# **SQOOP Import Solutions for MySQL to HDFS**

### **Problem 1: Importing Orders with Status "COMPLETE"**

#### **Instructions**:
- Connect to MySQL database using Sqoop.
- Import all orders that have an `order_status` as "COMPLETE".

#### **Data Description**:
- MySQL instance is running on localhost.
- **Database name**: `retail_db`
- **Table name**: `Orders`
- **Username**: `root`
- **Password**: `cloudera`

#### **Output Requirement**:
- Place the customer’s files in HDFS directory: `/user/cloudera/problem1/orders/parquetdata`
- Use **Parquet** format with a **tab delimiter** and **Snappy compression**.
- Null values should be represented as `-1` for numbers and `"NA"` for strings.

#### **Solution**:

```bash
sqoop import \
--connect "jdbc:mysql://localhost/retail_db" \
--username root \
--password cloudera \
--table orders \
--compress --compression-codec snappy \
--target-dir /user/cloudera/problem1/orders/parquetdata \
--null-non-string -1 --null-string "NA" \
--fields-terminated-by "\t" \
--where "order_status='COMPLETE'" \
--as-parquetfile
```

---

### **Problem 2: Importing Customers in 'CA' State**

#### **Instructions**:
- Connect to MySQL database using Sqoop.
- Import all customers that live in the state `'CA'`.

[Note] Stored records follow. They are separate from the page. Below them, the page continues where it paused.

lemma hc_cost_le_dmax_davg_ratio_mult_hc_opt:
  assumes "wgraph V w" "no_self_loops w" "2 \<le> card V" "0 < conductance V w" "hc_tree V T"
  shows "hc_cost V w T \<le> 9 / (4 * conductance V w) * (dmax V w / davg V w) * hc_opt V w"
proof -
  define n D \<Phi> where "n = real (card V)" and "D = vol V w V" and "\<Phi> = conductance V w"
  have fin: "finite V" and "0 < n" "0 < \<Phi>"
    using assms(1,3,4) by (auto simp: wgraph_def n_def \<Phi>_def)
  obtain u where u: "u \<in> V"
    using assms(3) by fastforce
  have "0 < dmax V w"
    using dmin_pos[OF assms(1-4)] dmin_le_degree[OF fin u, of w] degree_le_dmax[OF fin u, of w] by linarith
  have "0 < D"
    using card_mult_dmin_le_vol[OF fin, of w] mult_pos_pos[OF \<open>0 < n\<close> dmin_pos[OF assms(1-4)]]
    unfolding n_def D_def by linarith
  have opt: "2/9 * \<Phi> * D^2 / dmax V w \<le> hc_opt V w"
    using hc_cost_ge_dmax_bound[OF assms(1,2,4) _ _ \<open>0 < dmax V w\<close>] degree_le_dmax[OF fin] \<open>0 < D\<close>
    unfolding D_def \<Phi>_def by (intro hc_opt_greatest[OF assms(5)]) simp
  have "hc_cost V w T \<le> n * D / 2"
    using hc_cost_le_card_mult_vol[OF assms(1,5)] by (simp add: n_def D_def)
  also have "\<dots> = 9 / (4 * \<Phi>) * (dmax V w / davg V w) * (2/9 * \<Phi> * D^2 / dmax V w)"
    using \<open>0 < n\<close> \<open>0 < \<Phi>\<close> \<open>0 < D\<close> \<open>0 < dmax V w\<close>
    by (simp add: davg_def D_def vol_def n_def field_simps power2_eq_square)
  also have "\<dots> \<le> 9 / (4 * \<Phi>) * (dmax V w / davg V w) * hc_opt V w"
    using opt \<open>0 < \<Phi>\<close> \<open>0 < dmax V w\<close> davg_nonneg[OF assms(1)] by (intro mult_left_mono) simp_all
  finally show ?thesis
    unfolding \<Phi>_def .
qed

theorem lemma3p1:
  fixes V :: "'a set" and w :: "'a \<Rightarrow> 'a \<Rightarrow> real" and T :: "'a bintree"
  assumes "wgraph V w" and "no_self_loops w" and "card V \<ge> 2"
    and "conductance V w > 0"
    and "hc_tree V T"
  shows "hc_cost V w T \<le> 9 / (4 * conductance V w)
           * min (davg V w / dmin V w) (dmax V w / davg V w) * hc_opt V w"
proof (cases "davg V w / dmin V w \<le> dmax V w / davg V w")
  case True
  with hc_cost_le_davg_dmin_ratio_mult_hc_opt[OF assms] show ?thesis
    by (simp only: min_def if_True)
next
  case False
  with hc_cost_le_dmax_davg_ratio_mult_hc_opt[OF assms] show ?thesis
    by (simp only: min_def if_False)
qed
lemma trivial_coordinate: "x $ i0 = (\<Sum>j\<in>UNIV. class_weight j * (x v* V) $ j)"
proof -
  let ?f = "\<lambda>g. complex_of_real ((x v* V) $ class_index g)"
  let ?size = "\<lambda>j. card {g \<in> carrier G. class_index g = j}"
  have "char_inner G ?f (\<psi> i0) = (\<Sum>g\<in>carrier G. ?f g)"
    unfolding char_inner_def psi_trivial trivial_char_def by simp
  also have "\<dots> = (\<Sum>j\<in>UNIV. \<Sum>g\<in>{g \<in> carrier G. class_index g = j}. ?f g)"
    by (rule sum.group[OF finite_carrier finite_class.finite_UNIV subset_UNIV, symmetric])
  also have "\<dots> = (\<Sum>j\<in>UNIV. of_nat (?size j) * complex_of_real ((x v* V) $ j))"
    by (intro sum.cong) auto
  finally have "complex_of_real (x $ i0 * card (carrier G))
      = complex_of_real (\<Sum>j\<in>UNIV. real (?size j) * (x v* V) $ j)"
    using char_inner_table_combination[of x i0]
    by (simp add: char_inner_def psi_trivial trivial_char_def)
  then have "x $ i0 * card (carrier G) = (\<Sum>j\<in>UNIV. real (?size j) * (x v* V) $ j)"
    by (simp only: of_real_eq_iff)
  moreover have "card (carrier G) > 0" using finite_carrier one_closed card_gt_0_iff by blast
  ultimately show ?thesis
    by (simp add: class_weight_def sum_divide_distrib[symmetric] field_simps)
qed

end
lemma leG_realizer_of_order_dim_2:
  assumes "sat_perms n E \<noteq> {}" "order_dim {1..n} (leG n E) = 2"
  obtains L1 L2 where "linear_order_on {1..n} L1" "linear_order_on {1..n} L2"
    "L1 \<inter> L2 = leG n E"
proof -
  obtain \<sigma> where "\<sigma> \<in> sat_perms n E" using assms(1) by blast
  then have "partial_order_on {1..n} (leG n E)"
    using partial_order_on_leG unfolding sat_perms_def by blast
  then have "\<exists>F. card F = order_dim {1..n} (leG n E) \<and> (\<forall>L\<in>F. linear_order_on {1..n} L)
      \<and> \<Inter>F = leG n E"
    by (rule order_dim_realizer[OF finite_atLeastAtMost])
  then obtain F where F: "card F = 2" "\<forall>L\<in>F. linear_order_on {1..n} L" "\<Inter>F = leG n E"
    using assms(2) by auto
  then obtain L1 L2 where "F = {L1, L2}" by (meson card_2_iff)
  then show ?thesis using F that by auto
qed

lemma Max_kendall_tau_eqI:
  assumes "\<sigma> \<in> sat_perms n E" "\<rho> \<in> sat_perms n E"
    and "card (incomparable_pairs n E) \<le> kendall_tau n \<sigma> \<rho>"
  shows "Max ((\<lambda>(\<sigma>, \<rho>). kendall_tau n \<sigma> \<rho>) ` (sat_perms n E \<times> sat_perms n E))
           = card (incomparable_pairs n E)"
proof (rule Max_eqI)
  have upper: "kendall_tau n \<sigma>' \<rho>' \<le> card (incomparable_pairs n E)"
    if "\<sigma>' \<in> sat_perms n E" "\<rho>' \<in> sat_perms n E" for \<sigma>' \<rho>'
    using that kendall_tau_le_card_incomparable_pairs unfolding sat_perms_def by blast
  show "finite ((\<lambda>(\<sigma>, \<rho>). kendall_tau n \<sigma> \<rho>) ` (sat_perms n E \<times> sat_perms n E))"
    using finite_sat_perms by simp
  show "k \<le> card (incomparable_pairs n E)"
    if "k \<in> (\<lambda>(\<sigma>, \<rho>). kendall_tau n \<sigma> \<rho>) ` (sat_perms n E \<times> sat_perms n E)" for k
    using that upper by auto
  have "kendall_tau n \<sigma> \<rho> = card (incomparable_pairs n E)"
    using assms upper[OF assms(1,2)] by simp
  then show "card (incomparable_pairs n E)
      \<in> (\<lambda>(\<sigma>, \<rho>). kendall_tau n \<sigma> \<rho>) ` (sat_perms n E \<times> sat_perms n E)"
    using assms(1,2) by force
qed

theorem mainTheorem8:
  fixes n :: nat and E :: "(nat \<times> nat) set"
  assumes "oriented_graph n E"
    and "card (sat_perms n E) \<ge> 1"
    and "order_dim {1..n} (leG n E) = 2"
  shows "Max ((\<lambda>(\<sigma>, \<rho>). kendall_tau n \<sigma> \<rho>) ` (sat_perms n E \<times> sat_perms n E))
           = card (incomparable_pairs n E)"
proof -
  have "sat_perms n E \<noteq> {}" using assms(2) by auto
  then obtain L1 L2 where L: "linear_order_on {1..n} L1" "linear_order_on {1..n} L2"
    "L1 \<inter> L2 = leG n E"
    using leG_realizer_of_order_dim_2 assms(3) by blast
  show ?thesis
  proof (rule Max_kendall_tau_eqI)
    show "rank_perm n L1 \<in> sat_perms n E" "rank_perm n L2 \<in> sat_perms n E"
      using rank_perm_in_sat_perms[OF assms(1)] L by auto
    show "card (incomparable_pairs n E) \<le> kendall_tau n (rank_perm n L1) (rank_perm n L2)"
      using card_incomparable_pairs_le_kendall_tau_rank_perm[OF L] .
  qed
qed

end
lemma dual_norm_pos:
  fixes N :: "'a::euclidean_space \<Rightarrow> real"
  assumes N: "is_norm N" and "g \<noteq> 0"
  shows "0 < dual_norm N g"
proof -
  have "0 < g \<bullet> g"
    using \<open>g \<noteq> 0\<close> by simp
  also have "\<dots> \<le> dual_norm N g * N g"
    using inner_le_dual_norm_mult[OF N] .
  finally show ?thesis
    using is_norm_nonneg[OF N, of g] by (simp add: zero_less_mult_iff)
qed

lemma DERIV_nonneg_at_right_local_min:
  fixes f :: "real \<Rightarrow> real"
  assumes "DERIV f x :> l" and "\<And>h. 0 < h \<Longrightarrow> h < e \<Longrightarrow> f x \<le> f (x + h)" and "0 < e"
  shows "0 \<le> l"
proof (rule ccontr)
  assume "\<not> 0 \<le> l"
  then obtain e' where "0 < e'" "\<And>h. 0 < h \<Longrightarrow> h < e' \<Longrightarrow> f (x + h) < f x"
    using DERIV_neg_dec_right[OF assms(1)] by force
  moreover define h where "h = min e e' / 2"
  ultimately have "f (x + h) < f x" and "f x \<le> f (x + h)"
    using assms(2,3) by auto
  then show False
    by simp
qed

lemma DERIV_along_line:
  fixes f :: "'a::real_inner \<Rightarrow> real"
  assumes "(f has_derivative (\<lambda>h. G \<bullet> h)) (at (x + t *\<^sub>R v))"
  shows "((\<lambda>s. f (x + s *\<^sub>R v)) has_real_derivative (G \<bullet> v)) (at t)"
proof -
  have "((\<lambda>s. x + s *\<^sub>R v) has_derivative (\<lambda>h. h *\<^sub>R v)) (at t)"
    by (auto intro!: derivative_eq_intros)
  from has_derivative_compose[OF this assms]
  show ?thesis
    by (simp add: has_field_derivative_def mult_commute_abs)
qed

lemma convex_on_gradient_ineq:
  fixes f :: "'a::real_inner \<Rightarrow> real"
  assumes convex: "convex_on UNIV f" and deriv: "(f has_derivative (\<lambda>h. G \<bullet> h)) (at x)"
  shows "f x + G \<bullet> (y - x) \<le> f y"
proof -
  define k where "k s = f x + s * (f y - f x) - f (x + s *\<^sub>R (y - x))" for s
  have "((\<lambda>s. f (x + s *\<^sub>R (y - x))) has_real_derivative G \<bullet> (y - x)) (at 0)"
    by (rule DERIV_along_line) (use deriv in simp)
  then have "DERIV k 0 :> f y - f x - G \<bullet> (y - x)"
    unfolding k_def by (auto intro!: derivative_eq_intros)
  moreover have "k 0 \<le> k (0 + h)" if "0 < h" "h < 1" for h
  proof -
    have "x + h *\<^sub>R (y - x) = (1 - h) *\<^sub>R x + h *\<^sub>R y"
      by (simp add: algebra_simps)
    then show ?thesis
      using convex_onD[OF convex, of h x y] that by (simp add: k_def algebra_simps)
  qed
  ultimately have "0 \<le> f y - f x - G \<bullet> (y - x)"
    by (rule DERIV_nonneg_at_right_local_min) auto
  then show ?thesis
    by simp
qed
(* Consider an environment $W$ containing a set of static sensors (closed disks at fixed positions) and a set of mobile sensors $ms_1,\ldots,ms_m$ with (possibly different) sensing radii, and let the covered area be the area of the part of $W$ covered by the union of all sensor disks. The greedy algorithm Greedy-HHP, which for $i=1,\ldots,m$ in turn moves mobile sensor $ms_i$ to the position (over the holes) that maximizes the covered area given the static sensors and the already placed mobile sensors $ms_1,\ldots,ms_{i-1}$, and then updates the holes, achieves an approximation ratio of $1/2$ for the problem of maximizing the covered area by moving the mobile sensors; i.e., the covered area it achieves is at least half of the maximum achievable covered area.
   Context: A hole is a maximal region of $W$ (outside obstacles, if any) not covered by any sensor disk. The hole healing problem asks to choose new positions for the mobile sensors so as to maximize the covered area of $W$ (equivalently, recover as much hole area as possible). *)

theory Defs
  imports "HOL-Analysis.Analysis"
begin

type_synonym point = "real^2"

definition static_cover :: "(point \<times> real) set \<Rightarrow> point set" where
  "static_cover S = (\<Union>(c, s)\<in>S. cball c s)"

definition covered_area ::
  "point set \<Rightarrow> (point \<times> real) set \<Rightarrow> (nat \<Rightarrow> real) \<Rightarrow> (nat \<Rightarrow> point) \<Rightarrow> nat \<Rightarrow> real" where
  "covered_area W S r p k =
     measure lebesgue (W \<inter> (static_cover S \<union> (\<Union>i<k. cball (p i) (r i))))"

text \<open>Greedy-HHP output: for each i < m, the position g i of mobile sensor i is a candidate
  position maximizing the covered area given the static sensors and the already placed
  mobile sensors 0..i-1.\<close>
definition greedy_placement ::
  "point set \<Rightarrow> (point \<times> real) set \<Rightarrow> (nat \<Rightarrow> real) \<Rightarrow> point set \<Rightarrow> nat \<Rightarrow> (nat \<Rightarrow> point) \<Rightarrow> bool" where
  "greedy_placement W S r C m g \<longleftrightarrow>
     (\<forall>i<m. g i \<in> C \<and>
        (\<forall>x\<in>C. covered_area W S r (g(i := x)) (Suc i) \<le> covered_area W S r g (Suc i)))"

end

theory Submission
  imports Defs
begin

text \<open>Compare the greedy cover \<open>E\<^sub>i\<close> after \<open>i\<close> steps with an arbitrary placement \<open>p\<close>.
  Had the greedy algorithm put sensor \<open>i\<close> at \<open>p\<^sub>i\<close>, it would have gained the area of the disk
  \<open>P\<^sub>i\<close> around \<open>p\<^sub>i\<close> outside \<open>E\<^sub>i\<close>; its actual gain \<open>|E\<^sub>i\<^sub>+\<^sub>1| - |E\<^sub>i|\<close> is at least that.
  Since the \<open>E\<^sub>i\<close> increase, the cover of \<open>p\<close> lies in \<open>E\<^sub>m\<close> together with the sets \<open>P\<^sub>i - E\<^sub>i\<close>,
  so its area is at most \<open>|E\<^sub>m| + \<Sum>\<^sub>i (|E\<^sub>i\<^sub>+\<^sub>1| - |E\<^sub>i|) \<le> 2 |E\<^sub>m|\<close>.\<close>

lemma measure_Un_UN_le_incseq:
  assumes "incseq E" and "\<And>i. i \<le> m \<Longrightarrow> E i \<in> sets M" and "\<And>i. i < m \<Longrightarrow> P i \<in> sets M"
  shows "measure M (E m \<union> (\<Union>i<m. P i)) \<le> measure M (E m) + (\<Sum>i<m. measure M (P i - E i))"
proof -
  have "E i \<subseteq> E m" if "i < m" for i
    using \<open>incseq E\<close> that by (simp add: incseq_def)
  then have "E m \<union> (\<Union>i<m. P i) = E m \<union> (\<Union>i<m. P i - E i)"
    by blast
  also have "measure M \<dots> \<le> measure M (E m) + measure M (\<Union>i<m. P i - E i)"
    using assms(2,3) by (intro measure_Un_le) auto
  also have "measure M (\<Union>i<m. P i - E i) \<le> (\<Sum>i<m. measure M (P i - E i))"
    using assms(2,3) by (intro measure_UNION_le) auto
  finally show ?thesis
    by simp
qed

lemma greedy_measure_le:
  assumes "incseq E" and E: "\<And>i. i \<le> m \<Longrightarrow> E i \<in> fmeasurable M"
    and P: "\<And>i. i < m \<Longrightarrow> P i \<in> fmeasurable M"
    and gain: "\<And>i. i < m \<Longrightarrow> measure M (E i \<union> P i) \<le> measure M (E (Suc i))"
    and T: "T \<subseteq> E m \<union> (\<Union>i<m. P i)" "T \<in> sets M"
  shows "measure M T \<le> 2 * measure M (E m) - measure M (E 0)"
proof -
  have "E m \<union> (\<Union>i<m. P i) \<in> fmeasurable M"
    using E P by (intro fmeasurable.Un fmeasurable.finite_UN) auto
  then have "measure M T \<le> measure M (E m \<union> (\<Union>i<m. P i))"
    using T by (intro measure_mono_fmeasurable)
  also have "\<dots> \<le> measure M (E m) + (\<Sum>i<m. measure M (P i - E i))"
    using \<open>incseq E\<close> E P by (intro measure_Un_UN_le_incseq) auto
  also have "(\<Sum>i<m. measure M (P i - E i)) \<le> (\<Sum>i<m. measure M (E (Suc i)) - measure M (E i))"
  proof (intro sum_mono)
    fix i assume "i \<in> {..<m}"
    then have "measure M (E i \<union> P i) = measure M (E i) + measure M (P i - E i)"
      using E P by (intro measure_Un2) auto
    then show "measure M (P i - E i) \<le> measure M (E (Suc i)) - measure M (E i)"
      using gain \<open>i \<in> {..<m}\<close> by fastforce
  qed
  also have "\<dots> = measure M (E m) - measure M (E 0)"
    by (rule sum_lessThan_telescope)
  finally show ?thesis
    by simp
qed

definition covered_set ::
  "point set \<Rightarrow> (point \<times> real) set \<Rightarrow> (nat \<Rightarrow> real) \<Rightarrow> (nat \<Rightarrow> point) \<Rightarrow> nat \<Rightarrow> point set" where
  "covered_set W S r p k = W \<inter> (static_cover S \<union> (\<Union>i<k. cball (p i) (r i)))"

lemma covered_area_eq_measure: "covered_area W S r p k = measure lebesgue (covered_set W S r p k)"
  unfolding covered_area_def covered_set_def ..

lemma closed_static_cover: "finite S \<Longrightarrow> closed (static_cover S)"
  unfolding static_cover_def by (intro closed_UN) auto

lemma covered_set_lmeasurable:
  assumes "W \<in> sets lebesgue" and "bounded W" and "finite S"
  shows "covered_set W S r p k \<in> lmeasurable"
proof (rule bounded_set_imp_lmeasurable)
  have "closed (static_cover S \<union> (\<Union>i<k. cball (p i) (r i)))"
    using closed_static_cover[OF \<open>finite S\<close>] by (intro closed_Un closed_UN) auto
  then show "covered_set W S r p k \<in> sets lebesgue"
    unfolding covered_set_def using \<open>W \<in> sets lebesgue\<close> by (intro sets.Int) (auto intro: borel_closed)
  show "bounded (covered_set W S r p k)"
    unfolding covered_set_def using \<open>bounded W\<close> by (rule bounded_subset) auto
qed

lemma incseq_covered_set: "incseq (covered_set W S r p)"
  unfolding incseq_def covered_set_def by auto

lemma covered_set_Suc:
  "covered_set W S r p (Suc i) = covered_set W S r p i \<union> (W \<inter> cball (p i) (r i))"
  unfolding covered_set_def lessThan_Suc by auto

lemma covered_set_fun_upd: "covered_set W S r (p(i := x)) i = covered_set W S r p i"
  unfolding covered_set_def by auto

lemma covered_set_subset_Un_disks:
  "covered_set W S r p m \<subseteq> covered_set W S r q m \<union> (\<Union>i<m. W \<inter> cball (p i) (r i))"
  unfolding covered_set_def by auto

theorem theorem2:
  fixes W :: "(real^2) set" and S :: "((real^2) \<times> real) set"
    and r :: "nat \<Rightarrow> real" and C :: "(real^2) set" and m :: nat
    and g :: "nat \<Rightarrow> real^2"
  assumes "W \<in> sets lebesgue" and "bounded W"
    and "finite S" and "\<forall>(c, s)\<in>S. s > 0"
    and "\<forall>i<m. r i > 0"
    and "greedy_placement W S r C m g"
  shows "\<forall>p. (\<forall>i<m. p i \<in> C) \<longrightarrow>
           covered_area W S r g m \<ge> (1/2) * covered_area W S r p m"
proof (intro allI impI)
  fix p assume "\<forall>i<m. p i \<in> C"
  let ?E = "covered_set W S r g" and ?P = "\<lambda>i. W \<inter> cball (p i) (r i)"
  have lmeas: "covered_set W S r q k \<in> lmeasurable" for q k
    using covered_set_lmeasurable assms(1-3) by blast
  have "?P i \<in> lmeasurable" for i
    using assms(1,2) by (intro bounded_set_imp_lmeasurable) (auto intro: bounded_subset)
  moreover have "measure lebesgue (?E i \<union> ?P i) \<le> measure lebesgue (?E (Suc i))" if "i < m" for i
    using assms(6) \<open>\<forall>i<m. p i \<in> C\<close> that
    unfolding greedy_placement_def covered_area_eq_measure covered_set_Suc covered_set_fun_upd
    by (metis fun_upd_same)
  ultimately have "measure lebesgue (covered_set W S r p m)
      \<le> 2 * measure lebesgue (?E m) - measure lebesgue (?E 0)"
    using lmeas covered_set_subset_Un_disks
    by (intro greedy_measure_le incseq_covered_set fmeasurableD)
  then show "covered_area W S r g m \<ge> (1/2) * covered_area W S r p m"
    using measure_nonneg[of lebesgue "?E 0"] unfolding covered_area_eq_measure by linarith
qed

end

#### **Data Description**:
- MySQL instance is running on localhost.
- **Database name**: `retail_db`
- **Table name**: `Customers`
- **Username**: `root`
- **Password**: `cloudera`

#### **Output Requirement**:
- Place the customer’s files in HDFS directory: `/user/cloudera/problem1/customers_selected/avrodata`
- Use **Avro** format and **Snappy compression**.
- Load only the following columns: `customer_id`, `customer_fname`, `customer_lname`, and `customer_state`.

#### **Solution**:

```bash
sqoop import \
--connect "jdbc:mysql://localhost/retail_db" \
--username root \
--password cloudera \
--table customers \
--compress --compression-codec snappy \
--target-dir /user/cloudera/problem1/customers_selected/avrodata \
--where "customer_state='CA'" \
--columns "customer_id,customer_fname,customer_lname,customer_state" \
--as-avrodatafile
```

---

### **Problem 3: Importing Customers with "Plaza" in Street Name**

#### **Instructions**:
- Connect to MySQL database using Sqoop.
- Import all customers whose street name contains the word `"Plaza"`.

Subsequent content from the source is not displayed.